Dün çok ilginç bir toplantıya katıldım. Beyoğlu Musevi Hahamhanesi Vakfı ve Avrupa Komisyonu Türkiye Delegasyonu ortak bir proje gerçekleştirmişler. Frekans Araştırma' nın yaptığı çalışma Farklı Kimliklere ve Yahudiliğe Bakış adını taşıyor. Çok kapsamlı bir inceleme bu. Sorun öncelikle ve özellikle Yahudiliğe bakış gibi duruyorsa da bana kalırsa özünde Türk/iye toplumuyla ilgili veriler barındırıyor. Bence Yahudiliğe bakıştan hareket ederek, "Biz nasıl bir toplumuz?" sorusunu bu araştırmanın sonuçlarına bakarak yanıtlamak mümkün. Ben de bu nedenle bu konuyu iki gün yazmaya birinci yazıda verileri irdelemeye, ikinci yazıda da "Azınlıklar bu durumun değişmesi için ne yapmalıdır" sorusunu yanıtlamaya karar verdim.
Araştırmanın ilk bölümü çok çarpıcı bazı göstergeler içeriyor. Türkiye'de yaşayan insanların yüzde 44'ü "Demokrasinin işleyişinden hiç memnun değilim" derken, yüzde 25'i "Memnunum" diyor. Daha etkileyici bir gösterge ise güvenle ilgili. "İnsanların çoğuna güvenilir mi" sorusuna yüzde 72 "İnsanlara dikkatli yaklaşmak gerekir" demiş. "Çoğu insana güvenilir" diyenler, değişik düzeylerde, sadece yüzde 14. Korkunç bir sonuç bu. Türkiye'de yaşayan insanlar diğer insanlara güvenmiyor. Netice bu kadar açık.

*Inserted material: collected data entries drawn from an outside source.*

lemma card_conic_hyperbola:
  fixes c d e v :: "'a::field"
  assumes div_closed: "\<And>x y. x \<in> F \<Longrightarrow> y \<in> F \<Longrightarrow> x / y \<in> F"
    and "v \<in> F" and "e \<in> F" and "c \<noteq> 0" and "d \<noteq> 0" and "e \<noteq> 0" and "v \<noteq> 0"
  shows "card {(x, y) \<in> F \<times> F. c * x ^ 2 + d * y ^ 2 = 0 \<and> e * x * y = v} =
           card {x \<in> F. x ^ 4 = - d / c * (v / e) ^ 2}"
proof -
  define w where "w = v / e"
  have "w \<in> F" and "w \<noteq> 0"
    using assms by (auto simp: w_def)
  have quartic_iff: "c * x ^ 2 + d * (w / x) ^ 2 = 0 \<longleftrightarrow> x ^ 4 = - d / c * w ^ 2"
    if "x \<noteq> 0" for x
  proof -
    have "c * x ^ 2 + d * (w / x) ^ 2 = (c * x ^ 4 + d * w ^ 2) / x ^ 2"
      using that by (simp add: field_simps power2_eq_square power4_eq_xxxx)
    then show ?thesis
      using that \<open>c \<noteq> 0\<close> by (simp add: field_simps eq_neg_iff_add_eq_0 add.commute)
  qed
  have "{(x, y) \<in> F \<times> F. c * x ^ 2 + d * y ^ 2 = 0 \<and> e * x * y = v} =
        (\<lambda>x. (x, w / x)) ` {x \<in> F. x ^ 4 = - d / c * w ^ 2}"
  proof -
    have "e * x * y = v \<longleftrightarrow> x \<noteq> 0 \<and> y = w / x" for x y
      using assms by (auto simp: w_def field_simps)
    moreover have "x ^ 4 = - d / c * w ^ 2 \<Longrightarrow> x \<noteq> 0" for x
      using assms \<open>w \<noteq> 0\<close> by auto
    ultimately show ?thesis
      using quartic_iff div_closed \<open>w \<in> F\<close> by auto
  qed
  moreover have "inj_on (\<lambda>x. (x, w / x)) A" for A
    by (simp add: inj_on_def)
  ultimately show ?thesis
    by (simp add: card_image w_def)
qed

section \<open>The quadratic extension F_q(\<beta>)\<close>

locale quadratic_extension =
  fixes p k q :: nat and b \<beta> :: "'a::{field,finite}"
  assumes prime_p: "prime p" and odd_p: "odd p" and q_eq: "q = p ^ k"
    and card_UNIV_eq: "card (UNIV :: 'a set) = q ^ 2"
    and b_in_Fq: "b \<in> Fq q" and b_nonsquare: "chi2 q b = -1" and beta_square: "\<beta> ^ 2 = b"
begin

lemma CHAR_eq: "CHAR('a) = p"
  using CHAR_eq_prime_if_card_UNIV_eq_power[OF prime_p, of "k * 2"] card_UNIV_eq q_eq
  by (simp add: power_mult)

lemma odd_q: "odd q"
  using odd_p q_eq by simp

lemma q_gt_1: "q > 1"
proof -
  have "card {0::'a, 1} \<le> card (UNIV :: 'a set)"
    by (rule card_mono) auto
  then have "2 \<le> q ^ 2"
    using card_UNIV_eq by simp
  then show ?thesis
    by (cases "q \<le> 1") (auto simp: le_Suc_eq)
qed
lemma center_comm: "x \<in> center \<Longrightarrow> x * y = y * x"
  unfolding center_def by auto

lemma center_mult:
  assumes "x \<in> center" "y \<in> center"
  shows "x * y \<in> center"
proof -
  have "x * y * z = z * (x * y)" for z
    using center_comm[OF assms(1)] center_comm[OF assms(2)] by (metis mult.assoc)
  then show ?thesis unfolding center_def by simp
qed

lemma spow_mult_distrib: "x \<in> center \<Longrightarrow> spow (x * y) n = spow x n * spow y n"
proof (induction x n rule: spow.induct)
  case (3 x n)
  then show ?case
    by (simp add: mult.assoc) (metis center_comm mult.assoc)
qed simp_all

lemma funpow_mult_eq_spow: "n \<ge> 1 \<Longrightarrow> ((*) u ^^ n) x = spow u n * x"
proof (induction n)
  case (Suc n)
  then show ?case by (cases "n = 0") (simp_all add: spow_Suc_left mult.assoc)
qed simp

lemma funpow_mult_self: "((*) x ^^ n) x = spow x (Suc n)"
  by (cases n) (simp_all add: funpow_mult_eq_spow del: funpow.simps(2))

lemma funpow_mult_right: "((*) u ^^ n) x * y = ((*) u ^^ n) (x * y :: 'a::semigroup_mult)"
  by (induction n) (simp_all add: mult.assoc)

lemma funpow_mult_left_commute: "u \<in> center \<Longrightarrow> ((*) u ^^ n) (v * x) = v * ((*) u ^^ n) x"
  by (induction n) (simp_all, metis center_comm mult.assoc)

lemma funpow_mult_commute:
  "u \<in> center \<Longrightarrow> ((*) u ^^ m) (((*) v ^^ n) x) = ((*) v ^^ n) (((*) u ^^ m) x)"
  by (induction n) (simp_all add: funpow_mult_left_commute)

lemma ideal1_singleton: "ideal1 {f} = insert f {f * x | x. True}"
  unfolding ideal1_def by auto

lemma ideal1_subset: "F \<subseteq> ideal1 F"
  unfolding ideal1_def by blast

lemma ideal1_eq_UN: "ideal1 F = (\<Union>f\<in>F. ideal1 {f})"
  unfolding ideal1_def by auto

lemma ideal1_insert: "ideal1 (insert f F) = ideal1 {f} \<union> ideal1 F"
  unfolding ideal1_def by auto

lemma ideal1_trans: "z \<in> ideal1 {f} \<Longrightarrow> f \<in> ideal1 {g} \<Longrightarrow> z \<in> ideal1 {g}"
  unfolding ideal1_singleton by (auto simp: mult.assoc)

lemma ideal1_mult:
  "u \<in> ideal1 {f} \<Longrightarrow> v \<in> ideal1 {g} \<Longrightarrow> g \<in> center \<Longrightarrow> u * v \<in> ideal1 {f * g}"
  unfolding ideal1_singleton
  by (auto simp: mult.assoc) (metis center_comm, metis center_comm mult.assoc)

lemma center_mult_ideal1: "u \<in> center \<Longrightarrow> x \<in> ideal1 {f} \<Longrightarrow> u * x \<in> ideal1 {f}"
  unfolding ideal1_singleton by (auto simp: center_comm) (metis center_comm mult.assoc)

lemma funpow_mult_ideal1: "u \<in> center \<Longrightarrow> x \<in> ideal1 {f} \<Longrightarrow> ((*) u ^^ n) x \<in> ideal1 {f}"
  by (induction n) (simp_all add: center_mult_ideal1)

lemma maxgrp_mult: "x \<in> maxgrp e \<Longrightarrow> y \<in> maxgrp e \<Longrightarrow> x * y \<in> maxgrp e"
proof -
  assume "x \<in> maxgrp e" "y \<in> maxgrp e"
  then obtain x' y' where
      x: "e * x = x" "x * e = x" "e * x' = x'" "x' * e = x'" "x * x' = e" "x' * x = e"
    and y: "e * y = y" "y * e = y" "e * y' = y'" "y' * e = y'" "y * y' = e" "y' * y = e"
    unfolding maxgrp_def by blast
  have "e * (x * y) = x * y" "x * y * e = x * y" "e * (y' * x') = y' * x'" "y' * x' * e = y' * x'"
    "x * y * (y' * x') = e" "y' * x' * (x * y) = e"
    using x y by (metis mult.assoc)+
  then show ?thesis unfolding maxgrp_def by blast
qed

lemma maxgrp_left_unit: "x \<in> maxgrp e \<Longrightarrow> e * x = x"
  unfolding maxgrp_def by blast

lemma maxgrp_subset_ideal1: "h \<in> maxgrp e \<Longrightarrow> maxgrp e \<subseteq> ideal1 {h}"
proof
  fix x assume h: "h \<in> maxgrp e" and x: "x \<in> maxgrp e"
  obtain y where "h * y = e" using h unfolding maxgrp_def by blast
  then have "x = h * (y * x)" using maxgrp_left_unit[OF x] by (simp add: mult.assoc[symmetric])
  then show "x \<in> ideal1 {h}" unfolding ideal1_singleton by blast
qed

lemma spow_left_unit: "e * z = z \<Longrightarrow> e * spow z n = spow z n"
  by (induction z n rule: spow.induct) (simp_all add: mult.assoc[symmetric])

text \<open>The inverse of z is z^(l-1) times the inverse of z^l.\<close>
lemma central_root_in_maxgrp:
  assumes "z \<in> center" "e * z = z" "l \<ge> 1" "spow z l \<in> maxgrp e"
  shows "z \<in> maxgrp e"
proof (cases "l = 1")
  case False
  then obtain m where m: "l = Suc m" "m \<ge> 1" using assms(3) by (cases l) auto
  obtain y where y: "e * y = y" "y * e = y" "spow z l * y = e"
    using assms(4) unfolding maxgrp_def by blast
  define w where "w = spow z m * y"
  have ze: "z * e = z" using center_comm[OF assms(1)] assms(2) by simp
  have "e * w = w"
    unfolding w_def using assms(2) by (simp add: mult.assoc[symmetric] spow_left_unit)
  moreover have "w * e = w" unfolding w_def using y by (simp add: mult.assoc)
  moreover have "z * w = e"
    unfolding w_def using y m spow_Suc_left[of m z] by (simp add: mult.assoc)
  moreover have "w * z = e"
    unfolding w_def using y m spow_Suc[of m z] center_comm[OF assms(1), of y] by (metis mult.assoc)
  ultimately show ?thesis using assms(2) ze unfolding maxgrp_def by blast
qed (use assms in simp)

İnsanların yüzde 51'i kendini "TC vatandaşı" diye tanımlıyor. Yüzde 19 "Müslüman", yüzde 19 "Türk." "Kürdüm" diye kendini tanımlayanların oranı yüzde 2. Aleviler yüzde 2. Bu sonuç da kimlik topografyasını göstermek bakımından çok dikkate değer. Şimdi gelelim farklı kimlikler hakkındaki algılara.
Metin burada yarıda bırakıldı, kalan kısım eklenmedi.